Пролетный гусь - страница 4
Марина возилась у стены вагона, что-то долго вытирала, затем еще дольше натягивала на себя не просохшие после стирки трусы, наконец отрешенно вздохнула и всхлипнула:
– Вот и все… а ты, дура, боялась, как говорится в народе.
Данила притаился, молчал, но скоро понимать начал, что молчать в такое время неудобно, и, как многие мужчины при подобных обстоятельствах, принялся неуклюже каяться:
– Прости! Я ж не знал, что ты такая… – Помолчал, лицо ее пощупал, оно было в слезах. – Войну прошла, огни и воды, и вот…
Она вдруг встрепенулась, бесцеремонно пощупала его промежность:
– Тюха! Застирывать надо. И брюки, и кальсоны.
– Зачем?
– Зачем? Зачем? Разболокайся, говорю…
В тесноте, неумело ворочаясь, он начал снимать с себя, что велели. Марина помогала ему. Вскоре зачурлюкала вода в кране дежурного бачка для питьевой воды, взбрякивала пряжка ремня, пощелкивали о железо пуговицы, и вот злоумышленница с узлом в руках вскарабкалась на нары, долго пристраивала брюки в открытое окошко, цепляла их за крючки люка, чтоб обдувало.
– Кальсоны наденешь мокрые. На штаны солдаты подумают, может, описался боец, кальсоны – это, брат, улика.
Они прибрались и теперь уж лежали, прижавшись друг к другу под шинелью.
– Прости еще раз, – прошептал он еле слышно.
– Да не переживай ты, Даня, не казнись, поздно или рано это неизбежно произошло бы. – И долго, долго молчала, не шевелилась и как-то слишком умудренно и устало добавила: – Да теперь и не зашьешь обратно, даже операционным кетгутом, пластырем не заклеишь.
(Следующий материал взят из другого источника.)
definition mu_hat :: "(real \<Rightarrow> real \<Rightarrow> real) \<Rightarrow> real \<Rightarrow> real^'n \<Rightarrow> real^'n \<Rightarrow> real \<Rightarrow> real" where
  "mu_hat K lam X y x = K10_vec K x X \<bullet> (matrix_inv (regmat K lam X) *v y)"

definition sigma2_hat :: "(real \<Rightarrow> real \<Rightarrow> real) \<Rightarrow> real \<Rightarrow> real \<Rightarrow> real^'n \<Rightarrow> real \<Rightarrow> real" where
  "sigma2_hat K \<sigma> lam X x = \<sigma>\<^sup>2 / (real CARD('n) * lam) *
      (K11 K x x - K10_vec K x X \<bullet> (matrix_inv (regmat K lam X) *v K10_vec K x X))"

text \<open>Marginal covariance Sigma_t of y given X and t.\<close>
definition Sigma_t :: "(real \<Rightarrow> real \<Rightarrow> real) \<Rightarrow> real \<Rightarrow> real \<Rightarrow> real^'n \<Rightarrow> real \<Rightarrow> real^'n^'n" where
  "Sigma_t K \<sigma> lam X t = (\<chi> i j. \<sigma>\<^sup>2 / (real CARD('n) * lam) *
       (K (X$i) (X$j) - K01 K (X$i) t * K10 K t (X$j) / K11 K t t)
       + (if i = j then \<sigma>\<^sup>2 else 0))"

definition mvn_density :: "real^'n^'n \<Rightarrow> real^'n \<Rightarrow> real" where
  "mvn_density S y = exp (- (y \<bullet> (matrix_inv S *v y)) / 2) / sqrt ((2 * pi) ^ CARD('n) * det S)"

definition marg_lik :: "(real \<Rightarrow> real \<Rightarrow> real) \<Rightarrow> real \<Rightarrow> real \<Rightarrow> real^'n \<Rightarrow> real^'n \<Rightarrow> real \<Rightarrow> real" where
  "marg_lik K \<sigma> lam X y t = mvn_density (Sigma_t K \<sigma> lam X t) y"
(* Let $q$ be a prime power. For each integer $k\ge 3$ there exists an $[n,k]_q$ MWS code with $n<q^{\frac{k^2+k-4}{2}}$.
   Context: An $[n,k]_q$ code is a $k$-dimensional subspace of $\mathbb{F}_q^n$, non-degenerate (no coordinate identically zero on the code). It is MWS if the set of its non-zero Hamming weights has cardinality $\frac{q^k-1}{q-1}$. *)

theory Defs
  imports Complex_Main "HOL-Library.Function_Algebras" "HOL-Library.Cardinality"
begin

text \<open>Vectors of F_q^n are modelled as functions nat => 'a vanishing outside {0..<n};
  the field F_q is a finite field type 'a with q = CARD('a).\<close>

definition scalev :: "'a::field \<Rightarrow> (nat \<Rightarrow> 'a) \<Rightarrow> (nat \<Rightarrow> 'a)" where
  "scalev c v = (\<lambda>i. c * v i)"

lemma vector_space_scalev: "vector_space (scalev :: 'a::field \<Rightarrow> _)"
  unfolding vector_space_def scalev_def by (auto simp: fun_eq_iff algebra_simps)

definition ambient :: "nat \<Rightarrow> (nat \<Rightarrow> 'a::zero) set" where
  "ambient n = {v. \<forall>i. n \<le> i \<longrightarrow> v i = 0}"

definition hweight :: "nat \<Rightarrow> (nat \<Rightarrow> 'a::zero) \<Rightarrow> nat" where
  "hweight n v = card {i. i < n \<and> v i \<noteq> 0}"

definition is_code :: "nat \<Rightarrow> nat \<Rightarrow> (nat \<Rightarrow> 'a::field) set \<Rightarrow> bool" where
  "is_code n k C \<longleftrightarrow> C \<subseteq> ambient n \<and> module.subspace scalev C
     \<and> vector_space.dim scalev C = k \<and> (\<forall>i<n. \<exists>c\<in>C. c i \<noteq> 0)"

definition weights :: "nat \<Rightarrow> (nat \<Rightarrow> 'a::zero) set \<Rightarrow> nat set" where
  "weights n C = {hweight n c | c. c \<in> C \<and> c \<noteq> 0}"

definition is_MWS :: "nat \<Rightarrow> nat \<Rightarrow> (nat \<Rightarrow> 'a::{finite,field}) set \<Rightarrow> bool" where
  "is_MWS n k C \<longleftrightarrow> card (weights n C) = (CARD('a) ^ k - 1) div (CARD('a) - 1)"

end

theory Submission
  imports Defs "HOL-Library.Multiset"
begin

text \<open>A code is given by the multiset of columns of a generator matrix; the weight of the codeword
  of a message \<open>u\<close> is the number of columns not orthogonal to \<open>u\<close>, and the code is MWS exactly when
  this weight is positive and determines \<open>u\<close> up to a scalar. In dimension 3 an explicit multiset of
  fewer than \<open>q\<^sup>4\<close> columns works. From dimension \<open>k\<close> to \<open>k + 1\<close> one takes \<open>m\<close> copies of the old
  columns together with a multiset \<open>R\<close> of columns with last coordinate 1 whose weights stay below
  \<open>m\<close>: the new weight is \<open>m\<close> times the old weight of the truncated message plus its \<open>R\<close>-weight, and
  the \<open>R\<close>-weight records the ratios \<open>- u\<^sub>k / u\<^sub>j\<close> as base-\<open>q\<close> digits, which recovers the last
  coordinate. Since \<open>m \<le> q\<^bsup>k+1\<^esup>\<close>, each step multiplies the length by at most \<open>q\<^bsup>k+1\<^esup>\<close>, and
  \<open>4 + 4 + 5 + \<dots> + k = (k\<^sup>2 + k - 4) / 2\<close>.\<close>

interpretation V: vector_space "scalev :: 'a::field \<Rightarrow> (nat \<Rightarrow> 'a) \<Rightarrow> _"
  by (rule vector_space_scalev)

lemma scalev_apply [simp]: "scalev c v i = c * v i"
  by (simp add: scalev_def)

lemma ambient_add: "u \<in> ambient k \<Longrightarrow> v \<in> ambient k \<Longrightarrow> u + v \<in> ambient k"
  for u v :: "nat \<Rightarrow> 'a::monoid_add"
  unfolding ambient_def by auto

lemma ambient_scalev: "u \<in> ambient k \<Longrightarrow> scalev c u \<in> ambient k"
  unfolding ambient_def by auto

lemma zero_in_ambient [simp]: "0 \<in> ambient k"
  unfolding ambient_def by auto

lemma ambient_mono: "k \<le> m \<Longrightarrow> ambient k \<subseteq> ambient m"
  unfolding ambient_def by auto

lemma subspace_ambient: "V.subspace (ambient k)"
  by (rule V.subspaceI) (auto intro: ambient_add ambient_scalev)

lemma fun_upd_in_ambient_Suc:
  "u(k := 0) \<in> ambient k \<longleftrightarrow> u \<in> ambient (Suc k)"
  unfolding ambient_def by (auto simp: not_less_eq_eq le_Suc_eq)

lemma ambient_Suc: "ambient (Suc k) = (\<lambda>(u, a). u(k := a)) ` (ambient k \<times> UNIV)"
proof (intro set_eqI iffI)
  fix x :: "nat \<Rightarrow> 'a" assume "x \<in> ambient (Suc k)"
  then have "(x(k := 0), x k) \<in> ambient k \<times> UNIV"
    using fun_upd_in_ambient_Suc by blast
  then show "x \<in> (\<lambda>(u, a). u(k := a)) ` (ambient k \<times> UNIV)"
    by (rule rev_image_eqI) simp
qed (auto simp: ambient_def)

lemma card_ambient: "card (ambient k :: (nat \<Rightarrow> 'a::{finite,zero}) set) = CARD('a) ^ k"
  and finite_ambient: "finite (ambient k :: (nat \<Rightarrow> 'a::{finite,zero}) set)"
proof (induction k)
  case 0
  have "ambient 0 = {0 :: nat \<Rightarrow> 'a}"
    unfolding ambient_def by auto
  then show "card (ambient 0 :: (nat \<Rightarrow> 'a) set) = CARD('a) ^ 0"
    and "finite (ambient 0 :: (nat \<Rightarrow> 'a) set)" by simp_all
next
  case (Suc k)
  have "inj_on (\<lambda>(u, a). u(k := a)) (ambient k \<times> (UNIV :: 'a set))"
    unfolding inj_on_def ambient_def by (auto simp: fun_eq_iff)
  then show "card (ambient (Suc k) :: (nat \<Rightarrow> 'a) set) = CARD('a) ^ Suc k"
    and "finite (ambient (Suc k) :: (nat \<Rightarrow> 'a) set)"
    using Suc by (simp_all add: ambient_Suc card_image card_cartesian_product)
qed

lemma two_le_card_field: "2 \<le> CARD('a::{finite,field})"
  using card_mono[of UNIV "{0::'a, 1}"] by simp

definition unit_vec :: "nat \<Rightarrow> nat \<Rightarrow> 'a::{zero,one}" where
  "unit_vec l = (\<lambda>i. if i = l then 1 else 0)"

lemma unit_vec_in_ambient: "l < k \<Longrightarrow> unit_vec l \<in> ambient k"
  unfolding unit_vec_def ambient_def by auto

lemma sum_fun_apply: "(\<Sum>x\<in>A. f x) i = (\<Sum>x\<in>A. f x i)"
  by (induction A rule: infinite_finite_induct) auto

lemma ambient_eq_sum_unit_vec:
  assumes "u \<in> ambient k"
  shows "u = (\<Sum>l<k. scalev (u l) (unit_vec l))"
proof
  fix i
  have "(\<Sum>l<k. scalev (u l) (unit_vec l)) i = (\<Sum>l<k. if l = i then u i else 0)"
    unfolding sum_fun_apply by (intro sum.cong) (auto simp: unit_vec_def)
  also have "\<dots> = u i"
    using assms unfolding ambient_def by (cases "i < k") auto
  finally show "u i = (\<Sum>l<k. scalev (u l) (unit_vec l)) i" by simp
qed

lemma span_unit_vec: "V.span (unit_vec ` {..<k}) = (ambient k :: (nat \<Rightarrow> 'a::field) set)"
proof (rule V.span_subspace)
  show "unit_vec ` {..<k} \<subseteq> (ambient k :: (nat \<Rightarrow> 'a) set)"
    using unit_vec_in_ambient by blast
  show "ambient k \<subseteq> V.span (unit_vec ` {..<k} :: (nat \<Rightarrow> 'a) set)"
    using ambient_eq_sum_unit_vec
    by (metis (no_types, lifting) V.span_base V.span_scale V.span_sum imageI lessThan_iff subsetI)
qed (rule subspace_ambient)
Конечно, не в такой бы постели, не в этом логове, но не одни мы нынче такие бесприютные. Спи! Спи давай. – И она стала, как ребенка, прихлопывать его по шинели, баюкать вроде.
– Выходит, мы теперь уж муж и жена, – засыпая, прошлепал своими детски пухлыми губами Данила.
– Выходит, – подтвердила она и поцеловала его в щеку, в преддверии бороды обметанную пухом.
– А кетгут – это чё?
– Багор через плечо, спи.
Эшелон помаленьку разбредался, кто уходил на московские, на подмосковные станции и за взятки, за трофейное барахлишко пристраивался в пассажирские поезда, кто взбирался на крыши вагонов и, привязав себя к трубам вентиляции, к ступеням, с комфортом дул домой иль куда воину хотелось. Укоротившийся на три вагона эшелон из-под Кенигсберга объединили с другим укоротившимся эшелоном и загнали на станцию Ярославль, где было и без того тесно. Ярославцы погнали эшелон дальше, и закружился он по каким-то снулым, не иначе как еще девятого веку, вологодско-костромским станциям без надзору и призору, пока не выскочил на станцию Буй.
Ну, на крупном железнодорожном узле под таким хлестким названием шуток не любили, анархий не воспринимали. Здесь военный комендант слепому, почти безнадзорному движению эшелонов с фронта решил придать хоть какой-нибудь порядок и хоть как-то ввести их в поток нормального движения. Эшелон укоротился еще раз, и значительно укоротился, затарахтел вперед на восток, и, хоть не ходко и не в лад с пассажирскими поездами тарахтел, дело кончилось тем, что в глухой час ночи Марина растолкала Данилу и в панике зашлась громким шепотом:
– Чуфырино! Слышь, Данила, Чуфырино! Да проснись же ты, неужто за дорогу не выспался? – И она вытолкала его из обжитого, родным сделавшегося товарного вагона. Несколько давних спутников проснулись, кто-то, скорее всего Оноприйчук, скинул вниз котелок, старую шинель, бушлат, на котором они спали, и холщовый мешок с булкой хлеба, с десятком пачек концентратов и парой банок американской тушенки.